I love my current car. It serves the purpose. But when the time comes, I will get a new car. I personally like Mercedes-Benz’s design, specifically AMG. However, I want to know what other options are out there.
The dataset I use is called “us-vehicle-fuel-economy-data-1984-2017”. This dataset contains United State vehicle fuel economy data starting from 1984. It provides model-specific fuel consumption ratings and estimated carbon dioxide emissions for retail sale vehicles. The size of this dataset is 13,853 KB.
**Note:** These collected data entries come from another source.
(* Let $T:\mathbb{Z}^k\times X\to X$ be a continuous action on a compact metrizable space $X$ (not necessarily expansive), and let $d$ be a metric compatible with the topology with $\underline{\mathrm{mdim}}(X,T,d)<\infty$. Let $f:X\to X$ be a continuous map with $f\circ T^u=T^u\circ f$ for all $u\in\mathbb{Z}^k$ that is Lipschitz with respect to $d$, and let $L=\lim_{\varepsilon\to0}\sup_{0<d(x,y)<\varepsilon}d(f(x),f(y))/d(x,y)$. Then \[h_{\mathrm{top}}(T,f)\leq\log^+L\cdot\underline{\mathrm{mdim}}(X,T,d),\] where $\log^+L=\max(0,\log L)$ and $h_{\mathrm{top}}(T,f)$ is the topological entropy of the $\mathbb{Z}^k\times\mathbb{Z}_{\geq0}$-action generated by $T$ and $f$.
   Context: $\#(X,\rho,\varepsilon)$ is the minimal cardinality of an open cover of $X$ all of whose members have $\rho$-diameter $<\varepsilon$. For $\Omega\subset\mathbb{R}^k\times\mathbb{R}_{\geq0}$, $d_\Omega(x,y)=\sup_{(u,n)\in\Omega\cap(\mathbb{Z}^k\times\mathbb{Z}_{\geq0})}d(T^uf^nx,T^uf^ny)$, and for $\Omega\subset\mathbb{R}^k$, $d^T_\Omega(x,y)=\sup_{u\in\Omega\cap\mathbb{Z}^k}d(T^ux,T^uy)$. $S(X,T,d,\varepsilon)=\lim_{N\to\infty}\log\#(X,d^T_{[-N,N]^k},\varepsilon)/(2N+1)^k$ and $\underline{\mathrm{mdim}}(X,T,d)=\liminf_{\varepsilon\to0}S(X,T,d,\varepsilon)/\log(1/\varepsilon)$. $h_{\mathrm{top}}(T,f)=\lim_{\varepsilon\to0}S(X,(T,f),d,\varepsilon)$ with $S(X,(T,f),d,\varepsilon)=\lim_{n,N\to\infty}\log\#(X,d_{[-N,N]^k\times[0,n]},\varepsilon)/((n+1)(2N+1)^k)$. *)

theory Defs
  imports "HOL-Analysis.Analysis"
begin

text \<open>Lattice points of the cube [-N,N]^k; Z^k is represented as 'k => int, k = CARD('k).\<close>
definition cube :: "nat \<Rightarrow> ('k::finite \<Rightarrow> int) set" where
  "cube N = {u. \<forall>i. \<bar>u i\<bar> \<le> int N}"

definition is_Zk_action :: "'a::metric_space set \<Rightarrow> (('k::finite \<Rightarrow> int) \<Rightarrow> 'a \<Rightarrow> 'a) \<Rightarrow> bool" where
  "is_Zk_action X T \<longleftrightarrow>
     (\<forall>u. T u ` X \<subseteq> X \<and> continuous_on X (T u)) \<and>
     (\<forall>x\<in>X. T (\<lambda>i. 0) x = x) \<and>
     (\<forall>u v. \<forall>x\<in>X. T (\<lambda>i. u i + v i) x = T u (T v x))"

definition cov_num :: "'a::metric_space set \<Rightarrow> ('a \<Rightarrow> 'a \<Rightarrow> real) \<Rightarrow> real \<Rightarrow> nat" where
  "cov_num X \<rho> \<epsilon> = Inf {card \<U> | \<U>. finite \<U> \<and> X \<subseteq> \<Union>\<U> \<and>
      (\<forall>V\<in>\<U>. openin (top_of_set X) V \<and> (\<exists>\<delta><\<epsilon>. \<forall>x\<in>V. \<forall>y\<in>V. \<rho> x y \<le> \<delta>))}"

definition dyn_dist :: "(('k::finite \<Rightarrow> int) \<Rightarrow> 'a \<Rightarrow> 'a) \<Rightarrow> ('a \<Rightarrow> 'a) \<Rightarrow> nat \<Rightarrow> nat
    \<Rightarrow> 'a::metric_space \<Rightarrow> 'a \<Rightarrow> real" where
  "dyn_dist T f N n x y =
     Max {dist (T u ((f ^^ m) x)) (T u ((f ^^ m) y)) | u m. u \<in> cube N \<and> m \<le> n}"

definition orbit_dist :: "(('k::finite \<Rightarrow> int) \<Rightarrow> 'a \<Rightarrow> 'a) \<Rightarrow> nat \<Rightarrow> 'a::metric_space \<Rightarrow> 'a \<Rightarrow> real" where
  "orbit_dist T N x y = Max {dist (T u x) (T u y) | u. u \<in> cube N}"

definition S_act :: "'a::metric_space set \<Rightarrow> (('k::finite \<Rightarrow> int) \<Rightarrow> 'a \<Rightarrow> 'a) \<Rightarrow> real \<Rightarrow> real" where
  "S_act X T \<epsilon> = lim (\<lambda>N. ln (real (cov_num X (orbit_dist T N) \<epsilon>)) / (2 * real N + 1) ^ CARD('k))"

definition lower_mdim :: "'a::metric_space set \<Rightarrow> (('k::finite \<Rightarrow> int) \<Rightarrow> 'a \<Rightarrow> 'a) \<Rightarrow> ereal" where
  "lower_mdim X T = Liminf (at_right 0) (\<lambda>\<epsilon>. ereal (S_act X T \<epsilon> / ln (1 / \<epsilon>)))"

definition S_joint :: "'a::metric_space set \<Rightarrow> (('k::finite \<Rightarrow> int) \<Rightarrow> 'a \<Rightarrow> 'a) \<Rightarrow> ('a \<Rightarrow> 'a) \<Rightarrow> real \<Rightarrow> real" where
  "S_joint X T f \<epsilon> = Lim (sequentially \<times>\<^sub>F sequentially)
     (\<lambda>(n, N). ln (real (cov_num X (dyn_dist T f N n) \<epsilon>)) / ((real n + 1) * (2 * real N + 1) ^ CARD('k)))"

definition htop :: "'a::metric_space set \<Rightarrow> (('k::finite \<Rightarrow> int) \<Rightarrow> 'a \<Rightarrow> 'a) \<Rightarrow> ('a \<Rightarrow> 'a) \<Rightarrow> ereal" where
  "htop X T f = Lim (at_right 0) (\<lambda>\<epsilon>. ereal (S_joint X T f \<epsilon>))"

text \<open>L = lim_{eps->0} sup_{0<d(x,y)<eps} d(fx,fy)/d(x,y); sup of the empty set is -infinity\<close>
definition local_lip :: "'a::metric_space set \<Rightarrow> ('a \<Rightarrow> 'a) \<Rightarrow> ereal" where
  "local_lip X f = Lim (at_right 0) (\<lambda>\<epsilon>.
     SUP p \<in> {(x, y). x \<in> X \<and> y \<in> X \<and> 0 < dist x y \<and> dist x y < \<epsilon>}.
       ereal (dist (f (fst p)) (f (snd p)) / dist (fst p) (snd p)))"

definition log_plus :: "ereal \<Rightarrow> ereal" where
  "log_plus L = (if L \<le> 1 then 0 else if L = \<infinity> then \<infinity> else ereal (ln (real_of_ereal L)))"

end

theory Submission
  imports Defs "HOL-Real_Asymp.Real_Asymp"
begin

text \<open>Covering numbers of the joint action over windows [-N,N]^k \<times> [0,n] are submultiplicative
  under unions and do not grow under translation of the window, so tiling a large box by
  translates of a small one shows that the normalized logarithms converge to their infimum;
  in particular the limits in the definitions exist and the rates are monotone in the scale.

  If f is L-Lipschitz at small scales and commutes with T, points that stay \<delta>-close along the
  T-orbit window stay \<delta>L^j-close after j iterates of f. Hence the window [-N,N]^k \<times> [0,n]
  at scale \<epsilon> costs no more than the spatial window alone at scale \<epsilon>/L^n, i.e.
  S(X,(T,f),\<epsilon>) \<le> S(X,T,\<epsilon>/L^n)/(n+1). Choosing \<delta> with S(X,T,\<delta>) \<le> m ln(1/\<delta>) and
  n \<approx> ln(\<epsilon>/\<delta>)/ln L yields S(X,(T,f),\<epsilon>) \<le> m ln L + m ln(1/\<epsilon>)/n with n arbitrarily
  large.\<close>

section \<open>Covering numbers\<close>

definition small_covers :: "'a::metric_space set \<Rightarrow> ('a \<Rightarrow> 'a \<Rightarrow> real) \<Rightarrow> real \<Rightarrow> 'a set set set" where
  "small_covers X \<rho> \<epsilon> = {\<U>. finite \<U> \<and> X \<subseteq> \<Union>\<U> \<and>
      (\<forall>V\<in>\<U>. openin (top_of_set X) V \<and> (\<exists>\<delta><\<epsilon>. \<forall>x\<in>V. \<forall>y\<in>V. \<rho> x y \<le> \<delta>))}"

lemma cov_num_eq_Inf_card: "cov_num X \<rho> \<epsilon> = Inf (card ` small_covers X \<rho> \<epsilon>)"
  unfolding cov_num_def small_covers_def by (simp add: setcompr_eq_image)

lemma cov_num_le_card: "\<U> \<in> small_covers X \<rho> \<epsilon> \<Longrightarrow> cov_num X \<rho> \<epsilon> \<le> card \<U>"
  unfolding cov_num_eq_Inf_card by (simp add: cInf_lower)

lemma small_cover_of_card_cov_num:
  assumes "small_covers X \<rho> \<epsilon> \<noteq> {}"
  obtains \<U> where "\<U> \<in> small_covers X \<rho> \<epsilon>" "card \<U> = cov_num X \<rho> \<epsilon>"
proof -
  have "Inf (card ` small_covers X \<rho> \<epsilon>) \<in> card ` small_covers X \<rho> \<epsilon>"
    using assms by (intro Inf_nat_def1) auto
  then show thesis using that unfolding cov_num_eq_Inf_card by (metis imageE)
qed

lemma cov_num_empty: "cov_num {} \<rho> \<epsilon> = 0"
  using cov_num_le_card[of "{}" "{}" \<rho> \<epsilon>] by (simp add: small_covers_def)
(* Let $(X,T)$ be a topological dynamical system and let $K\subset X$ be a compact set. Then $K$ has bounded topological complexity with respect to $\{d_n\}$ if and only if $K$ is equicontinuous.
   Context: A topological dynamical system (t.d.s.) $(X,T)$ consists of a compact metric space $(X,d)$ and a continuous map $T\colon X\to X$. For $n\in\mathbb{N}$ and $x,y\in X$ let $d_n(x,y)=\max\{d(T^ix,T^iy)\colon 0\le i\le n-1\}$, and $B_{d_n}(x,\varepsilon)=\{y\in X\colon d_n(x,y)<\varepsilon\}$. For $K\subset X$ let $\mathrm{span}_K(n,\varepsilon)=\min\{\#(F)\colon F\subset K,\ K\subset\bigcup_{x\in F}B_{d_n}(x,\varepsilon)\}$. A subset $K$ has bounded topological complexity with respect to $\{d_n\}$ if for every $\varepsilon>0$ there is a positive integer $C$ with $\mathrm{span}_K(n,\varepsilon)\le C$ for all $n\ge1$. A subset $K\subset X$ is equicontinuous if for every $\varepsilon>0$ there is $\delta>0$ such that $d(T^nx,T^ny)<\varepsilon$ for all $n\ge 0$ and all $x,y\in K$ with $d(x,y)<\delta$. *)

theory Defs
  imports "HOL-Analysis.Analysis"
begin

definition tds :: "'a::metric_space set \<Rightarrow> ('a \<Rightarrow> 'a) \<Rightarrow> bool" where
  "tds X T \<longleftrightarrow> compact X \<and> continuous_on X T \<and> T ` X \<subseteq> X"

text \<open>Bowen metric d_n(x,y) = max over 0 \<le> i \<le> n-1 of d(T^i x, T^i y) (n \<ge> 1).\<close>
definition bowen_dist :: "('a::metric_space \<Rightarrow> 'a) \<Rightarrow> nat \<Rightarrow> 'a \<Rightarrow> 'a \<Rightarrow> real" where
  "bowen_dist T n x y = Max {dist ((T ^^ i) x) ((T ^^ i) y) | i. i < n}"

definition bowen_ball :: "('a::metric_space \<Rightarrow> 'a) \<Rightarrow> nat \<Rightarrow> 'a \<Rightarrow> real \<Rightarrow> 'a set" where
  "bowen_ball T n x \<epsilon> = {y. bowen_dist T n x y < \<epsilon>}"

definition span_K :: "('a::metric_space \<Rightarrow> 'a) \<Rightarrow> 'a set \<Rightarrow> nat \<Rightarrow> real \<Rightarrow> nat" where
  "span_K T K n \<epsilon> = Inf {card F | F. finite F \<and> F \<subseteq> K \<and> K \<subseteq> (\<Union>x\<in>F. bowen_ball T n x \<epsilon>)}"

definition bounded_top_complexity :: "('a::metric_space \<Rightarrow> 'a) \<Rightarrow> 'a set \<Rightarrow> bool" where
  "bounded_top_complexity T K \<longleftrightarrow>
     (\<forall>\<epsilon>>0. \<exists>C::nat. C > 0 \<and> (\<forall>n\<ge>1. span_K T K n \<epsilon> \<le> C))"

definition equicontinuous_set :: "('a::metric_space \<Rightarrow> 'a) \<Rightarrow> 'a set \<Rightarrow> bool" where
  "equicontinuous_set T K \<longleftrightarrow>
     (\<forall>\<epsilon>>0. \<exists>\<delta>>0. \<forall>n. \<forall>x\<in>K. \<forall>y\<in>K. dist x y < \<delta> \<longrightarrow> dist ((T ^^ n) x) ((T ^^ n) y) < \<epsilon>)"

end

theory Submission
  imports Defs
begin

text \<open>Equicontinuity turns one finite \<open>\<delta>\<close>-net of \<open>K\<close> into a \<open>d\<^sub>n\<close>-spanning set for every \<open>n\<close>
at once. Conversely, let \<open>span\<^sub>K(n, \<rho>/2) \<le> C\<close> for all \<open>n\<close>. Two points that become \<open>\<rho>\<close>-apart
before time \<open>n\<close> cannot lie in a common \<open>d\<^sub>n\<close>-ball of radius \<open>\<rho>/2\<close>, so a set whose points are
pairwise \<open>\<rho>\<close>-apart at some time has at most \<open>C\<close> elements, and a largest one \<open>E\<close> has the property
that every orbit starting in \<open>K\<close> stays \<open>\<rho>\<close>-close to the orbit of some \<open>a \<in> E\<close>. The sets of points
of \<open>K\<close> shadowing \<open>a \<in> E\<close> in this way are compact, hence pairwise either intersecting or at positive
distance. Below the least such distance, two points of \<open>K\<close> shadow orbits that pass through a
common point, so their own orbits stay \<open>4\<rho>\<close>-close.\<close>

lemma separate_compact_compact:
  fixes S U :: "'a::metric_space set"
  assumes "compact S" "compact U" "S \<inter> U = {}"
  shows "\<exists>d>0. \<forall>x\<in>S. \<forall>y\<in>U. d \<le> dist x y"
proof (cases "S = {} \<or> U = {}")
  case True
  then show ?thesis by (auto intro: exI[of _ 1])
next
  case False
  have "continuous_on S (\<lambda>x. infdist x U)"
    by (intro continuous_intros)
  then obtain x0 where x0: "x0 \<in> S" "\<And>y. y \<in> S \<Longrightarrow> infdist x0 U \<le> infdist y U"
    using continuous_attains_inf[OF assms(1)] False by blast
  have "infdist x0 U > 0"
    using x0(1) assms compact_imp_closed in_closed_iff_infdist_zero False
    by (metis disjoint_iff infdist_nonneg order_le_less)
  then show ?thesis
    using x0 infdist_le by (meson order_trans)
qed

lemma finite_common_delta:
  fixes R :: "'i \<Rightarrow> 'a::metric_space \<Rightarrow> 'a \<Rightarrow> bool"
  assumes "finite I" "\<And>i. i \<in> I \<Longrightarrow> \<exists>d>0. \<forall>x y. dist x y < d \<longrightarrow> R i x y"
  shows "\<exists>d>0. \<forall>i\<in>I. \<forall>x y. dist x y < d \<longrightarrow> R i x y"
  using assms
proof (induction I rule: finite_induct)
  case empty
  then show ?case by (auto intro: exI[of _ 1])
next
  case (insert j I)
  then obtain d where "d > 0" "\<forall>i\<in>I. \<forall>x y. dist x y < d \<longrightarrow> R i x y"
    by blast
  moreover obtain d' where "d' > 0" "\<forall>x y. dist x y < d' \<longrightarrow> R j x y"
    using insert.prems by blast
  ultimately show ?case
    by (intro exI[of _ "min d d'"]) auto
qed

lemma finite_compact_family_meet_if_close:
  fixes S :: "'i \<Rightarrow> 'a::metric_space set"
  assumes "finite I" "\<And>i. i \<in> I \<Longrightarrow> compact (S i)"
  shows "\<exists>d>0. \<forall>i\<in>I. \<forall>j\<in>I. \<forall>x\<in>S i. \<forall>y\<in>S j. dist x y < d \<longrightarrow> S i \<inter> S j \<noteq> {}"
proof -
  define R where "R p x y \<longleftrightarrow> x \<in> S (fst p) \<longrightarrow> y \<in> S (snd p) \<longrightarrow> S (fst p) \<inter> S (snd p) \<noteq> {}" for p x y
  have "\<exists>d>0. \<forall>x y. dist x y < d \<longrightarrow> R p x y" if "p \<in> I \<times> I" for p
  proof (cases "S (fst p) \<inter> S (snd p) = {}")
    case True
    with that assms(2) obtain d where "d > 0" "\<forall>x\<in>S (fst p). \<forall>y\<in>S (snd p). d \<le> dist x y"
      using separate_compact_compact by (metis mem_Times_iff)
    then show ?thesis
      unfolding R_def by (meson not_le)
  next
    case False
    then show ?thesis
      unfolding R_def using zero_less_one by blast
  qed
  then obtain d where "d > 0" and "\<forall>p\<in>I \<times> I. \<forall>x y. dist x y < d \<longrightarrow> R p x y"
    using finite_common_delta[OF finite_cartesian_product[OF assms(1,1)], of R] by blast
  then show ?thesis
    unfolding R_def by fastforce
qed
lemma factor_bottom_arc:
  assumes D: "D \<in> padded m n" and m: "m \<le> n" and j: "partner D (B m) = B j" "1 \<le> j" "j < m"
  shows "\<exists>P s s'. perm_pair n s s' \<and> factorisation n (m - 1) D P (ee n (m - 1)) (perm_diagram n s s')"
proof -
  define p where "p = m - 1"
  have pm: "m = p + 1" "1 \<le> p" "j \<le> p" using j unfolding p_def by auto
  define \<sigma> where "\<sigma> = transpose j p"
  have \<sigma>: "perm_pair n \<sigma> \<sigma>" unfolding \<sigma>_def by (rule perm_pair_transpose) (use j m pm in auto)
  note Drb = padded_rb[OF D]
  define X where "X = comp D (perm_diagram n \<sigma> \<sigma>)"
  have X: "X \<in> rb n" unfolding X_def by (rule comp_rb[OF Drb perm_diagram_rb[OF \<sigma>]])
  have ptX: "partner X v = relabel_bottom \<sigma> (partner D (relabel_bottom \<sigma> v))" for v
    unfolding X_def by (rule comp_perm_right(1)[OF Drb \<sigma>])
  have "X \<in> padded m n" using X ptX paddedD[OF D] pm unfolding padded_def by (auto simp: \<sigma>_def)
  moreover have "partner X (B p) = B m" using ptX[of "B p"] partner_sym[OF Drb j(1)] pm by (simp add: \<sigma>_def)
  ultimately obtain P where P: "P \<in> padded p n" "comp P (ee n p) = X" "loops n P (ee n p) = 0"
    using ee_right_factor[of X p n] pm m by auto
  have "comp (comp P (ee n p)) (perm_diagram n \<sigma> \<sigma>) = D"
    unfolding P(2) X_def by (rule comp_perm_right_cancel[OF Drb \<sigma>])
  moreover have "loops n (comp P (ee n p)) (perm_diagram n \<sigma> \<sigma>) = 0"
    unfolding P(2) by (rule comp_perm_right(2)[OF X \<sigma>])
  moreover have "perm_diagram n \<sigma> \<sigma> \<in> padded p n"
    by (rule perm_diagram_padded[OF \<sigma>]) (use pm in \<open>auto simp: \<sigma>_def\<close>)
  ultimately show ?thesis
    unfolding factorisation_def p_def[symmetric] using \<sigma> P ee_rb[of p n] pm m by auto
qed

lemma factor_top_arc:
  assumes D: "D \<in> padded m n" and m: "m \<le> n" and i: "partner D (T m) = T i" "1 \<le> i" "i < m"
  shows "\<exists>P Q. factorisation n (m - 1) D P (ee n (m - 1)) Q"
proof -
  have "partner (flip D) (B m) = B i" using partner_flip[OF padded_rb[OF D]] i(1) by simp
  then obtain P s s' where s: "perm_pair n s s'"
    and f: "factorisation n (m - 1) (flip D) P (ee n (m - 1)) (perm_diagram n s s')"
    using factor_bottom_arc[OF flip_padded[OF D] m] i by blast
  have "flip (ee n (m - 1)) = ee n (m - 1)" using flip_ee[of "m - 1" n] i m by simp
  then show ?thesis using factorisation_flip[OF f s _ padded_rb[OF D]] by blast
qed
definition nc_abp_computes :: "nat \<Rightarrow> nat \<Rightarrow> nat \<Rightarrow> (nat, 'a::ring_1) ncpoly \<Rightarrow> bool" where
  "nc_abp_computes n r D f \<longleftrightarrow>
     (\<exists>wd (L :: nat \<Rightarrow> nat \<Rightarrow> nat \<Rightarrow> 'a \<times> (nat \<Rightarrow> 'a)).
        abp_shape r D wd \<and> f = abp_poly D wd (\<lambda>j u v. affine_nc n (L j u v)))"

text \<open>Set-multilinear ABPs of width \<le> wmax and depth l w.r.t. the partition
  Y_j = {x_(i,j) : i < n}, j = 1..l: edges into layer j carry homogeneous linear forms
  sum_{i<n} a_i x_(i,j).\<close>
definition sml_abp_polys :: "nat \<Rightarrow> nat \<Rightarrow> nat \<Rightarrow> (nat \<times> nat, 'a::comm_ring_1) cpoly set" where
  "sml_abp_polys n wmax l =
     {g. \<exists>wd (L :: nat \<Rightarrow> nat \<Rightarrow> nat \<Rightarrow> nat \<Rightarrow> 'a).
        abp_shape wmax l wd \<and>
        g = abp_poly l wd (\<lambda>j u v. \<Sum>i<n. Poly_Mapping.single (Poly_Mapping.single (i, j) 1) (L j u v i))}"

definition Xmat :: "nat \<Rightarrow> (nat \<times> nat \<Rightarrow> 'a::zero) \<Rightarrow> nat \<Rightarrow> 'a sqmat" where
  "Xmat D h i = (\<lambda>k l. if k \<le> D \<and> l \<le> D \<and> k + 1 = l then h (i, l) else 0)"

end

theory Submission
  imports Defs
begin

(* For a word w = w_1 ... w_k in the non-commuting variables let pos_monomial w be the
   commutative monomial x_(w_1,1) * ... * x_(w_k,k); the "positional image" pos_image k g of a
   non-commutative polynomial g keeps its words of length k and maps each to its positional
   monomial.  This map is injective on words of a fixed length, so g = 0 as soon as all its
   positional images vanish.  The proof of the theorem has three ingredients:
   (1) Evaluation: the product of the matrices X_i along w is the weighted shift
       concentrated on the entries (a, a + |w|), hence entry (0,k) of g(X(h)) is the value of
       pos_image k g at h.
   (2) Homogenization: if g is computed by an ABP of width r and depth D, then pos_image k g
       is 0 for k > D and, for every k >= 1, is computed by a set-multilinear ABP of depth k
       and width r(D+1).  Layer j of that ABP has a vertex for each vertex (s,u) of the
       original ABP, meaning "the j-th variable was read on the edge entering u in layer s";
       its edges are the linear parts of the original edges, preceded by paths of constant
       parts. *)

section \<open>Layer-by-layer evaluation of ABPs\<close>

primrec abp_forward :: "(nat \<Rightarrow> nat) \<Rightarrow> (nat \<Rightarrow> nat \<Rightarrow> nat \<Rightarrow> 'p::ring_1) \<Rightarrow> nat \<Rightarrow> nat \<Rightarrow> 'p" where
  "abp_forward wd lab 0 v = (if v = 0 then 1 else 0)"
| "abp_forward wd lab (Suc j) v = (\<Sum>u<wd j. abp_forward wd lab j u * lab (Suc j) u v)"

lemma abp_paths_0: "abp_paths 0 wd = (\<lambda>v. [v]) ` {..<wd 0}"
  by (auto simp: abp_paths_def length_Suc_conv)

lemma abp_paths_Suc:
  "abp_paths (Suc j) wd = (\<lambda>(q, v). q @ [v]) ` (abp_paths j wd \<times> {..<wd (Suc j)})"
proof (intro set_eqI iffI)
  fix p assume p: "p \<in> abp_paths (Suc j) wd"
  then have len: "length p = Suc (Suc j)" by (simp add: abp_paths_def)
  then have "p = butlast p @ [p ! Suc j]"
    by (metis append_butlast_last_id diff_Suc_1 last_conv_nth list.size(3) nat.distinct(1))
  moreover have "butlast p \<in> abp_paths j wd" "p ! Suc j < wd (Suc j)"
    using p len by (auto simp: abp_paths_def nth_butlast)
  ultimately show "p \<in> (\<lambda>(q, v). q @ [v]) ` (abp_paths j wd \<times> {..<wd (Suc j)})"
    by (metis (no_types, lifting) SigmaI case_prod_conv image_eqI lessThan_iff)
next
  fix p assume "p \<in> (\<lambda>(q, v). q @ [v]) ` (abp_paths j wd \<times> {..<wd (Suc j)})"
  then obtain q v where "p = q @ [v]" "q \<in> abp_paths j wd" "v < wd (Suc j)" by auto
  then show "p \<in> abp_paths (Suc j) wd"
    by (auto simp: abp_paths_def nth_append le_Suc_eq)
qed
theorem theorem3:
  fixes M :: "'a measure" and P :: "nat \<Rightarrow> 'a \<Rightarrow> real" and H0 :: "nat set"
    and A T :: "history \<Rightarrow> real" and \<alpha> :: real
  assumes prob: "prob_space M"
    and meas: "\<And>j. P j \<in> borel_measurable M"
    and alpha_range: "0 < \<alpha>" "\<alpha> < 1"
    and levels: "\<And>\<omega> j. \<omega> \<in> space M \<Longrightarrow> 1 \<le> j \<Longrightarrow>
        0 \<le> alpha_seq A T (\<lambda>i. P i \<omega>) j \<and> alpha_seq A T (\<lambda>i. P i \<omega>) j \<le> tau_seq A T (\<lambda>i. P i \<omega>) j
        \<and> 0 < tau_seq A T (\<lambda>i. P i \<omega>) j \<and> tau_seq A T (\<lambda>i. P i \<omega>) j \<le> 1"
    and cond_unif: "\<And>t h x \<tau>. t \<in> H0 \<Longrightarrow> 1 \<le> t \<Longrightarrow> length h = t - 1 \<Longrightarrow>
        0 < x \<Longrightarrow> x < 1 \<Longrightarrow> 0 < \<tau> \<Longrightarrow> \<tau> < 1 \<Longrightarrow>
        measure M {\<omega> \<in> space M. P t \<omega> / \<tau> \<le> x \<and> P t \<omega> \<le> \<tau> \<and> hist A T (\<lambda>i. P i \<omega>) (t - 1) = h}
        \<le> x * measure M {\<omega> \<in> space M. P t \<omega> \<le> \<tau> \<and> hist A T (\<lambda>i. P i \<omega>) (t - 1) = h}"
    and fdp_bound: "\<And>\<omega> t. \<omega> \<in> space M \<Longrightarrow> fdp_hat A T (\<lambda>i. P i \<omega>) t \<le> \<alpha>"
  shows "(\<forall>t. prob_space.expectation M (\<lambda>\<omega>. real (card (H0 \<inter> rej_set A T (\<lambda>i. P i \<omega>) t)))
              / prob_space.expectation M (\<lambda>\<omega>. max (real (card (rej_set A T (\<lambda>i. P i \<omega>) t))) 1) \<le> \<alpha>)
    \<and> ((prob_space.indep_vars M
            (\<lambda>k. PiM (case k of None \<Rightarrow> {j. 1 \<le> j \<and> j \<notin> H0} | Some j \<Rightarrow> {j}) (\<lambda>_. borel))
            (\<lambda>k \<omega>. restrict (\<lambda>j. P j \<omega>) (case k of None \<Rightarrow> {j. 1 \<le> j \<and> j \<notin> H0} | Some j \<Rightarrow> {j}))
            (insert None (Some ` {j \<in> H0. 1 \<le> j}))
        \<and> mono_past A \<and> mono_past (\<lambda>h. 1 - T h))
       \<longrightarrow> (\<forall>t. prob_space.expectation M
              (\<lambda>\<omega>. real (card (H0 \<inter> rej_set A T (\<lambda>i. P i \<omega>) t))
                    / max (real (card (rej_set A T (\<lambda>i. P i \<omega>) t))) 1) \<le> \<alpha>))"
proof -
  interpret dlord M P H0 A T
    by (intro dlord.intro dlord_axioms.intro prob meas levels cond_unif) simp_all
  show ?thesis
  proof (intro conjI allI impI)
    fix t
    show "expectation (\<lambda>\<omega>. real (card (H0 \<inter> rej_set A T (\<lambda>i. P i \<omega>) t)))
        / expectation (\<lambda>\<omega>. max (real (card (rej_set A T (\<lambda>i. P i \<omega>) t))) 1) \<le> \<alpha>"
      by (rule mfdr_le) (rule fdp_bound)
  next
    fix t
    assume "indep_vars
        (\<lambda>k. PiM (case k of None \<Rightarrow> {j. 1 \<le> j \<and> j \<notin> H0} | Some j \<Rightarrow> {j}) (\<lambda>_. borel))
        (\<lambda>k \<omega>. restrict (\<lambda>j. P j \<omega>) (case k of None \<Rightarrow> {j. 1 \<le> j \<and> j \<notin> H0} | Some j \<Rightarrow> {j}))
        (insert None (Some ` {j \<in> H0. 1 \<le> j}))
      \<and> mono_past A \<and> mono_past (\<lambda>h. 1 - T h)"
    then interpret dlord_indep M P H0 A T
      by unfold_locales auto
    show "expectation (\<lambda>\<omega>. real (card (H0 \<inter> rej_set A T (\<lambda>i. P i \<omega>) t))
        / max (real (card (rej_set A T (\<lambda>i. P i \<omega>) t))) 1) \<le> \<alpha>"
      by (rule fdr_le) (rule fdp_bound)
  qed
qed

end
The dataset itself is from: https://datasource.kapsarc.org
Source copyrights and descriptions are from: http://www.fueleconomy.gov
library(tidyverse)
library(ggplot2)
library(hrbrthemes)
library(dplyr)
library(viridis)
library(epiDisplay)
library(MASS)
library(plotly)
library(forcats)
library(lemon)
library(gplots)
#install.packages("lemon")
knit_print.data.frame <- lemon_print
library(kableExtra)
#install.packages("gplots")
df <- read.csv("us-vehicle-fuel-economy-data-1984-2017.csv")
as_tibble(df)
## # A tibble: 44,859 x 83
## Year Manufacturer Model barrels08 barrelsA08 charge120 charge240 city08
## <int> <chr> <chr> <dbl> <int> <int> <int> <int>
## 1 2016 Porsche 911 Turb~ 14.9 0 0 0 17
## 2 2017 BMW M6 Gran ~ 18.6 0 0 0 14
## 3 2017 Hyundai Elantra ~ 11.0 0 0 0 24
## 4 2017 Lincoln MKC AWD 13.5 0 0 0 19
## 5 2017 Mercedes-Benz AMG GLS63 21.3 0 0 0 13
## 6 2016 GMC Sierra 1~ 14.9 0 0 0 18
## 7 2016 Chevrolet Silverad~ 16.5 0 0 0 16
## 8 2017 Hyundai Elantra 8.50 0 0 0 32
## 9 2017 BMW 550i xDr~ 16.5 0 0 0 15
## 10 2017 Genesis G80 RWD 13.5 0 0 0 18
## # ... with 44,849 more rows, and 75 more variables: city08U <int>,
## # cityA08 <int>, cityA08U <int>, cityCD <int>, cityE <int>, cityUF <int>,
## # co2 <int>, co2A <int>, co2TailpipeAGpm <int>, co2TailpipeGpm <dbl>,
## # comb08 <int>, comb08U <int>, combA08 <int>, combA08U <int>, combE <int>,
## # combinedCD <int>, combinedUF <int>, cylinders <int>, displ <dbl>,
## # drive <chr>, engId <int>, eng_dscr <chr>, feScore <int>, fuelCost08 <int>,
## # fuelCostA08 <int>, fuelType <chr>, fuelType1 <chr>, ghgScore <int>, ...
dim(df)
## [1] 44859 83
#str(df)
After a glimpse of the data, it is excellent that the dataset contains both quantitative and categorical values. However, my concern is that the dataset has too many variables. It was time-consuming to study the dataset and choose what variable to be used. In addition to that, there were 36690 NA values.
year- int- model year
Manufacturer - chr -manufacturer (division)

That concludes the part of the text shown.